INSTRUCTIONS FOR THE TASK. Set the records down again in full, with every word kept.

Stored items:
(* Along the given solution, the rescaled weights
     M~_ij(t) = M_ij(t) lam_i(x(t)) phi_ij(x_i(t), x_j(t))
   turn the nonlinear system into the linear one.  For linear consensus dynamics with nonnegative,
   locally bounded weights, max_j v . x_j(t) is nonincreasing for every fixed vector v (a maximum
   principle, proved by discretising time); taking v = x_k(t) gives |x_k(t)| <= max_l |x_l(0)|.
   Hence the factors lam_i phi_ij along the solution take values in the compact set of their values
   on that box, between its infimum and supremum, which yields the bounds on M~ and, after
   integration over [t, t + T], the inclusion of the connectivity graphs. *)

lemma uniformly_continuous_on_finite_family:
  fixes p :: "'i::finite \<Rightarrow> real \<Rightarrow> real"
  assumes cont: "\<And>i. continuous_on {a..b} (p i)" and "0 < e"
  shows "\<exists>\<delta>>0. \<forall>i. \<forall>s\<in>{a..b}. \<forall>s'\<in>{a..b}. \<bar>s' - s\<bar> < \<delta> \<longrightarrow> \<bar>p i s' - p i s\<bar> < e"
proof -
  have "\<exists>\<delta>>0. \<forall>s\<in>{a..b}. \<forall>s'\<in>{a..b}. dist s' s < \<delta> \<longrightarrow> dist (p i s') (p i s) < e" for i
    using compact_uniformly_continuous[OF cont compact_Icc] \<open>0 < e\<close>
    unfolding uniformly_continuous_on_def by blast
  then obtain \<delta> where "\<And>i. \<delta> i > 0 \<and> (\<forall>s\<in>{a..b}. \<forall>s'\<in>{a..b}. dist s' s < \<delta> i \<longrightarrow> dist (p i s') (p i s) < e)"
    by metis
  then show ?thesis
    by (intro exI[of _ "Min (range \<delta>)"]) (auto simp: dist_real_def)
qed

lemma bdd_above_finite_family:
  fixes w :: "'i::finite \<Rightarrow> real \<Rightarrow> real"
  assumes "\<And>i. continuous_on {a..b} (w i)"
  shows "\<exists>C. \<forall>i. \<forall>s\<in>{a..b}. w i s \<le> C"
proof -
  have "compact (\<Union>i. w i ` {a..b})"
    using assms by (intro compact_UN compact_continuous_image compact_Icc) auto
  then obtain C where "\<forall>y\<in>(\<Union>i. w i ` {a..b}). y \<le> C"
    using bounded_imp_bdd_above[OF compact_imp_bounded] unfolding bdd_above_def by blast
  then show ?thesis by blast
qed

REPLY.
(* Along the given solution, the rescaled weights
     M~_ij(t) = M_ij(t) lam_i(x(t)) phi_ij(x_i(t), x_j(t))
   turn the nonlinear system into the linear one.  For linear consensus dynamics with nonnegative,
   locally bounded weights, max_j v . x_j(t) is nonincreasing for every fixed vector v (a maximum
   principle, proved by discretising time); taking v = x_k(t) gives |x_k(t)| <= max_l |x_l(0)|.
   Hence the factors lam_i phi_ij along the solution take values in the compact set of their values
   on that box, between its infimum and supremum, which yields the bounds on M~ and, after
   integration over [t, t + T], the inclusion of the connectivity graphs. *)

lemma uniformly_continuous_on_finite_family:
  fixes p :: "'i::finite \<Rightarrow> real \<Rightarrow> real"
  assumes cont: "\<And>i. continuous_on {a..b} (p i)" and "0 < e"
  shows "\<exists>\<delta>>0. \<forall>i. \<forall>s\<in>{a..b}. \<forall>s'\<in>{a..b}. \<bar>s' - s\<bar> < \<delta> \<longrightarrow> \<bar>p i s' - p i s\<bar> < e"
proof -
  have "\<exists>\<delta>>0. \<forall>s\<in>{a..b}. \<forall>s'\<in>{a..b}. dist s' s < \<delta> \<longrightarrow> dist (p i s') (p i s) < e" for i
    using compact_uniformly_continuous[OF cont compact_Icc] \<open>0 < e\<close>
    unfolding uniformly_continuous_on_def by blast
  then obtain \<delta> where "\<And>i. \<delta> i > 0 \<and> (\<forall>s\<in>{a..b}. \<forall>s'\<in>{a..b}. dist s' s < \<delta> i \<longrightarrow> dist (p i s') (p i s) < e)"
    by metis
  then show ?thesis
    by (intro exI[of _ "Min (range \<delta>)"]) (auto simp: dist_real_def)
qed

lemma bdd_above_finite_family:
  fixes w :: "'i::finite \<Rightarrow> real \<Rightarrow> real"
  assumes "\<And>i. continuous_on {a..b} (w i)"
  shows "\<exists>C. \<forall>i. \<forall>s\<in>{a..b}. w i s \<le> C"
proof -
  have "compact (\<Union>i. w i ` {a..b})"
    using assms by (intro compact_UN compact_continuous_image compact_Icc) auto
  then obtain C where "\<forall>y\<in>(\<Union>i. w i ` {a..b}). y \<le> C"
    using bounded_imp_bdd_above[OF compact_imp_bounded] unfolding bdd_above_def by blast
  then show ?thesis by blast
qed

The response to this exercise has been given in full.